Risk factors for primary nonresponse include the small bowel extent of disease, smoking, longer disease duration, and normal CRP levels.^16,18 Although genetic risk factors have been proposed, the evidence is currently insufficient to be of relevance in clinical practice.¹⁸ Most studies that addressed risk factors for primary nonresponse assessed the response to infliximab, and studies in adalimumab nonresponders are required to improve our understanding in this matter.

Management

Prolonged administration of adalimumab beyond the proposed induction phase of 4 weeks may be applied in patients who do not have a clinical effect after the loading dose of 160/80 mg. Indeed, initial nonresponders in the CHARM study showed an increase in clinical remission rates when adalimumab was continued (26% by week 8 and 28% by week 12).¹² There is no solid evidence that continuation of adalimumab eow for a period longer than 12 weeks is of benefit in patients who do not demonstrate any clinical response.

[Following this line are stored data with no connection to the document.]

(* Let $G$ be a nilpotent group in which every non-abelian subgroup $H$ satisfies $C_G(H)\le H$. Then $G$ is abelian or finite.
   Context: $C_G(H)$ denotes the centralizer of $H$ in $G$. The class of groups in which every non-abelian subgroup contains its own centralizer is denoted $\mathfrak A$ in the paper. *)

theory Defs
  imports "HOL-Algebra.Algebra"
begin

definition commutator_subgroup :: "('a, 'b) monoid_scheme \<Rightarrow> 'a set \<Rightarrow> 'a set \<Rightarrow> 'a set" where
  "commutator_subgroup G A B = generate G
     (\<Union>a \<in> A. \<Union>b \<in> B. {a \<otimes>\<^bsub>G\<^esub> b \<otimes>\<^bsub>G\<^esub> inv\<^bsub>G\<^esub> a \<otimes>\<^bsub>G\<^esub> inv\<^bsub>G\<^esub> b})"

fun lower_central :: "('a, 'b) monoid_scheme \<Rightarrow> nat \<Rightarrow> 'a set" where
  "lower_central G 0 = carrier G"
| "lower_central G (Suc n) = commutator_subgroup G (lower_central G n) (carrier G)"

definition nilpotent_group :: "('a, 'b) monoid_scheme \<Rightarrow> bool" where
  "nilpotent_group G \<longleftrightarrow> group G \<and> (\<exists>n. lower_central G n = {\<one>\<^bsub>G\<^esub>})"

definition centralizer :: "('a, 'b) monoid_scheme \<Rightarrow> 'a set \<Rightarrow> 'a set" where
  "centralizer G H = {g \<in> carrier G. \<forall>h \<in> H. g \<otimes>\<^bsub>G\<^esub> h = h \<otimes>\<^bsub>G\<^esub> g}"

definition abelian_set :: "('a, 'b) monoid_scheme \<Rightarrow> 'a set \<Rightarrow> bool" where
  "abelian_set G H \<longleftrightarrow> (\<forall>x \<in> H. \<forall>y \<in> H. x \<otimes>\<^bsub>G\<^esub> y = y \<otimes>\<^bsub>G\<^esub> x)"

end

theory Submission
  imports Defs "HOL-Algebra.Multiplicative_Group"
begin

text \<open>
  If \<open>G\<close> is not abelian, nilpotency provides \<open>a, b\<close> whose commutator \<open>c\<close> is central and
  nontrivial, so every element of \<open>\<langle>a, b\<rangle>\<close> has the form \<open>c\<^sup>k a\<^sup>i b\<^sup>j\<close>. Whenever
  \<open>[a\<^sup>p, b\<^sup>p] = c^(p\<^sup>2) \<noteq> 1\<close>, the subgroup \<open>\<langle>a\<^sup>p, b\<^sup>p\<rangle>\<close> is non-abelian and therefore contains
  every element commuting with \<open>a\<close> and \<open>b\<close>. For \<open>p = 2\<close> and the element \<open>c\<close> this forces
  \<open>c\<close> to have finite order \<open>N\<close>; for \<open>p = N + 1\<close> and the elements \<open>a\<^sup>N, b\<^sup>N\<close> it yields two
  relations between \<open>a\<^sup>N\<close> and \<open>b\<^sup>N\<close> whose determinant is \<open>1\<close> modulo \<open>p\<close>, so \<open>a\<close> and \<open>b\<close>
  have finite order and \<open>\<langle>a, b\<rangle>\<close> is finite. Finally, \<open>\<langle>a, b, \<gamma>\<^sub>i\<rangle>\<close> is finite by downward
  induction along the lower central series: \<open>L = \<langle>a, b, \<gamma>\<^sub>i\<^sub>+\<^sub>1\<rangle>\<close> is finite, non-abelian and
  normalised by \<open>\<gamma>\<^sub>i\<close>, and a group normalising such an \<open>L\<close> is finite, because elements inducing
  the same conjugation on \<open>L\<close> differ by an element of \<open>C(L) \<subseteq> L\<close>.
\<close>

lemma det_one_mod_ne_zero:
  fixes p i1 j1 i2 j2 :: int
  assumes "p > 1"
  shows "(p * i1 - 1) * (p * j2 - 1) - p * j1 * (p * i2) \<noteq> 0"
proof
  assume "(p * i1 - 1) * (p * j2 - 1) - p * j1 * (p * i2) = 0"
  then have "p * (p * i1 * j2 - i1 - j2 - p * i2 * j1) = - 1" by (simp add: algebra_simps)
  then have "p dvd 1" by (metis dvd_minus_iff dvd_triv_left)
  then show False using assms by simp
qed

context group begin

lemma centralizer_carrier_commute:
  "d \<in> centralizer G (carrier G) \<Longrightarrow> g \<in> carrier G \<Longrightarrow> d \<otimes> g = g \<otimes> d"
  unfolding centralizer_def by blast

lemma int_pow_commute:
  assumes u: "u \<in> carrier G" and z: "z \<in> carrier G" and uz: "u \<otimes> z = z \<otimes> u"
  shows "u [^] (i::int) \<otimes> z = z \<otimes> u [^] i"
proof (cases i rule: int_cases)
  case (nonneg n)
  then show ?thesis using group_commutes_pow[OF uz u z] by (simp add: int_pow_int)
next
  case (neg n)
  define w where "w = u [^] Suc n"
  have w: "w \<in> carrier G" using u by (simp add: w_def)
  have wz: "w \<otimes> z = z \<otimes> w" unfolding w_def by (rule group_commutes_pow[OF uz u z])
  have "inv w \<otimes> z = inv w \<otimes> (z \<otimes> w) \<otimes> inv w" using w z by (simp add: m_assoc)
  also have "\<dots> = z \<otimes> inv w" using w z by (simp add: m_assoc flip: wz, simp flip: m_assoc)
  moreover have "u [^] i = inv w"
    using int_pow_neg_int[OF u, of "Suc n"] unfolding neg w_def by (simp add: algebra_simps)
  ultimately show ?thesis by simp
qed

lemma centralizer_carrier_int_pow:
  assumes "d \<in> centralizer G (carrier G)"
  shows "d [^] (i::int) \<in> centralizer G (carrier G)"
  using assms int_pow_commute unfolding centralizer_def by auto

lemma conj_central_swap:
  assumes u: "u \<in> carrier G" and y: "y \<in> carrier G" and d: "d \<in> centralizer G (carrier G)"
    and r: "u \<otimes> y = d \<otimes> y \<otimes> u"
  shows "y \<otimes> u = inv d \<otimes> u \<otimes> y"
proof -
  have dc: "d \<in> carrier G" using d unfolding centralizer_def by blast
  have "inv d \<otimes> u \<otimes> y = inv d \<otimes> (d \<otimes> y \<otimes> u)" using u y dc by (simp add: r m_assoc flip: r)
  also have "\<dots> = y \<otimes> u" using u y dc by (simp add: m_assoc flip: m_assoc)
  finally show ?thesis by simp
qed

lemma conj_central_inv:
  assumes u: "u \<in> carrier G" and y: "y \<in> carrier G" and d: "d \<in> centralizer G (carrier G)"
    and r: "u \<otimes> y = d \<otimes> y \<otimes> u"
  shows "inv u \<otimes> y = inv d \<otimes> y \<otimes> inv u"
proof -
  have dc: "d \<in> carrier G" using d unfolding centralizer_def by blast
  have "y \<otimes> inv u = inv u \<otimes> (u \<otimes> y) \<otimes> inv u" using u y by (simp flip: m_assoc)
  also have "\<dots> = inv u \<otimes> (d \<otimes> y \<otimes> u) \<otimes> inv u" by (simp only: r)
  also have "\<dots> = d \<otimes> inv u \<otimes> y"
    using u y dc centralizer_carrier_commute[OF d, of "inv u"] by (simp add: m_assoc)
  finally show ?thesis using u y dc by (simp add: m_assoc inv_solve_left)
qed

lemma nat_pow_conj_central:
  assumes u: "u \<in> carrier G" and y: "y \<in> carrier G" and d: "d \<in> centralizer G (carrier G)"
    and r: "u \<otimes> y = d \<otimes> y \<otimes> u"
  shows "u [^] (n::nat) \<otimes> y = d [^] n \<otimes> y \<otimes> u [^] n"
proof (induction n)
  case 0
  then show ?case using y by simp
next
  case (Suc n)
  have dc: "d \<in> carrier G" using d unfolding centralizer_def by blast
  have "u [^] Suc n \<otimes> y = u [^] n \<otimes> (d \<otimes> y \<otimes> u)" using u y by (simp add: m_assoc flip: r)
  also have "\<dots> = d \<otimes> (u [^] n \<otimes> y) \<otimes> u"
    using u y dc centralizer_carrier_commute[OF d, of "u [^] n"] by (simp flip: m_assoc)
  also have "\<dots> = (d \<otimes> d [^] n) \<otimes> y \<otimes> (u [^] n \<otimes> u)"
    using u y dc by (simp add: Suc.IH m_assoc)
  also have "\<dots> = d [^] Suc n \<otimes> y \<otimes> u [^] Suc n"
    using nat_pow_Suc2[OF dc, of n] by simp
  finally show ?case .
qed

lemma int_pow_conj_central:
  assumes u: "u \<in> carrier G" and y: "y \<in> carrier G" and d: "d \<in> centralizer G (carrier G)"
    and r: "u \<otimes> y = d \<otimes> y \<otimes> u"
  shows "u [^] (i::int) \<otimes> y = d [^] i \<otimes> y \<otimes> u [^] i"
proof (cases i rule: int_cases2)
  case (nonneg n)
  then show ?thesis using nat_pow_conj_central[OF assms] by (simp add: int_pow_int)
next
  case (nonpos n)
  have dc: "d \<in> carrier G" using d unfolding centralizer_def by blast
  have "d [^] n \<in> centralizer G (carrier G)"
    using centralizer_carrier_int_pow[OF d, of "int n"] by (simp add: int_pow_int)
  from conj_central_inv[OF _ y this nat_pow_conj_central[OF assms]]
  show ?thesis using u dc by (simp add: nonpos int_pow_neg_int)
qed

lemma int_pows_swap_central:
  assumes x: "x \<in> carrier G" and y: "y \<in> carrier G" and c: "c \<in> centralizer G (carrier G)"
    and r: "x \<otimes> y = c \<otimes> y \<otimes> x"
  shows "y [^] (j::int) \<otimes> x [^] (i::int) = c [^] (- (i * j)) \<otimes> x [^] i \<otimes> y [^] j"
proof -
  have cc: "c \<in> carrier G" using c unfolding centralizer_def by blast
  have ci: "c [^] i \<in> centralizer G (carrier G)" by (rule centralizer_carrier_int_pow[OF c])
  have "y \<otimes> x [^] i = inv (c [^] i) \<otimes> x [^] i \<otimes> y"
    by (rule conj_central_swap[OF _ y ci int_pow_conj_central[OF x y c r]]) (use x in simp)
  from int_pow_conj_central[OF y _ _ this, of j]
  show ?thesis
    using x cc centralizer_carrier_int_pow[OF c, of "- i"] by (simp add: int_pow_inv int_pow_pow int_pow_neg)
qed

lemma int_pows_conj_central:
  assumes x: "x \<in> carrier G" and y: "y \<in> carrier G" and c: "c \<in> centralizer G (carrier G)"
    and r: "x \<otimes> y = c \<otimes> y \<otimes> x"
  shows "x [^] (i::int) \<otimes> y [^] (j::int) = c [^] (i * j) \<otimes> y [^] j \<otimes> x [^] i"
  using conj_central_swap[OF _ _ centralizer_carrier_int_pow[OF c] int_pows_swap_central[OF assms]] x y c
  unfolding centralizer_def by (simp add: int_pow_neg)

lemma heisenberg_word_mult:
  assumes x: "x \<in> carrier G" and y: "y \<in> carrier G" and c: "c \<in> centralizer G (carrier G)"
    and r: "x \<otimes> y = c \<otimes> y \<otimes> x"
  shows "(c [^] (k::int) \<otimes> x [^] (i::int) \<otimes> y [^] (j::int)) \<otimes> (c [^] (k'::int) \<otimes> x [^] (i'::int) \<otimes> y [^] (j'::int))
    = c [^] (k + k' - i' * j) \<otimes> x [^] (i + i') \<otimes> y [^] (j + j')"
proof -
  have cc: "c \<in> carrier G" using c unfolding centralizer_def by blast
  have commute1: "c [^] k' \<otimes> (x [^] i \<otimes> y [^] j) = (x [^] i \<otimes> y [^] j) \<otimes> c [^] k'"
    and commute2: "c [^] (- (i' * j)) \<otimes> x [^] i = x [^] i \<otimes> c [^] (- (i' * j))"
    using x y by (simp_all add: centralizer_carrier_commute[OF centralizer_carrier_int_pow[OF c]])
  have "(c [^] k \<otimes> x [^] i \<otimes> y [^] j) \<otimes> (c [^] k' \<otimes> x [^] i' \<otimes> y [^] j')
      = c [^] k \<otimes> ((x [^] i \<otimes> y [^] j) \<otimes> c [^] k') \<otimes> x [^] i' \<otimes> y [^] j'"
    using x y cc by (simp add: m_assoc)
  also have "\<dots> = c [^] k \<otimes> c [^] k' \<otimes> x [^] i \<otimes> (y [^] j \<otimes> x [^] i') \<otimes> y [^] j'"
    using x y cc by (simp add: m_assoc flip: commute1)
  also have "\<dots> = c [^] k \<otimes> c [^] k' \<otimes> (x [^] i \<otimes> c [^] (- (i' * j))) \<otimes> x [^] i' \<otimes> y [^] j \<otimes> y [^] j'"
    using x y cc by (simp add: int_pows_swap_central[OF x y c r] m_assoc)
  also have "\<dots> = (c [^] k \<otimes> c [^] k' \<otimes> c [^] (- (i' * j))) \<otimes> (x [^] i \<otimes> x [^] i') \<otimes> (y [^] j \<otimes> y [^] j')"
    using x y cc by (simp add: m_assoc flip: commute2)
  also have "c [^] k \<otimes> c [^] k' \<otimes> c [^] (- (i' * j)) = c [^] (k + k' - i' * j)"
    using int_pow_mult[OF cc, of "k + k'" "- (i' * j)"] int_pow_mult[OF cc, of k k'] by simp
  finally show ?thesis using x y by (simp add: int_pow_mult)
qed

If clinical response remains absent despite adequate adalimumab induction therapy, persistent disease activity should be confirmed. Clinical symptoms at baseline are frequently the result of noninflammatory causes in which case anti-TNF therapy is unlikely to provide clinical benefit. Recommendations for the diagnostic evaluation are discussed in the next sections. After confirmation of disease activity, a switch in therapeutic strategy will usually be required. Traditionally, primary nonresponse to anti-TNF therapy is considered a class effect with poor benefit from switching within the same drug class. Thus, switching to a different class of drugs, such as other immunosuppressives or integrin inhibitors such as natalizumab and vedolizumab,^19,20 is considered appropriate. However, recent reports showed, in small cohorts, clinical benefit in some patients who switched to adalimumab after primary nonresponse to infliximab,^21,22 but no evidence is yet available that supports the switch to infliximab for primary nonresponders to adalimumab. In a small series of 7 Crohn’s disease patients with only partial response to adalimumab and subsequent discontinuation, none showed benefit from switching to infliximab.²³

Secondary nonresponse to adalimumab

Definition and incidence of secondary nonresponse

After successful induction of remission after adalimumab therapy, recurrence of symptoms can occur (so-called secondary nonresponse). This phenomenon also suffers from a lack of clear definition, but in general, secondary nonresponse implies recurrence of inflammatory disease activity. Most controlled trials define clinical remission as CDAI lower than 150 points and clinical response as a reduction in CDAI of 70 points or more from baseline. Thus, not achieving these goals 6–12 weeks after the start of induction therapy with initial response is a more specific definition of secondary nonresponse.¹⁷ Noninflammatory symptoms mimicking relapse of disease activity can negatively affect secondary nonresponse rates. Suspected secondary nonresponse is, especially in less recent studies, not always endoscopically confirmed. In daily practice, adalimumab dose escalation is a practical surrogate marker for secondary nonresponse. Despite variations in definitions, approximately 40% of initial responders to anti-TNF therapy lose response over time.^12,24,25 For adalimumab, reported secondary nonresponse rates in controlled clinical trials range from 21% to 46%.^8,12

Evaluation of secondary nonresponse

Traditionally, clinical symptoms such as abdominal pain or diarrhea were used to guide the therapeutic decision-making process. Initial trials that evaluated efficacy of adalimumab therapy, such as CLASSIC I, CLASSIC II, and CHARM, used a CDAI score lower than 150 points to define remission.^4,11,12 However, multiple studies have underlined the poor correlation between clinical symptoms and inflammatory burden. For example, endoscopic disease activity showed a relatively good correlation with serum (CRP) and fecal (calprotectin, lactoferrin) biomarkers, but not with CDAI in Crohn’s disease patients.²⁶ Furthermore, other conditions such as irritable bowel syndrome and bile acid malabsorption can mimic Crohn’s disease symptoms in the absence of inflammation. Thus, more objective measures of disease activity are required if loss of response to anti-TNF agents is suspected.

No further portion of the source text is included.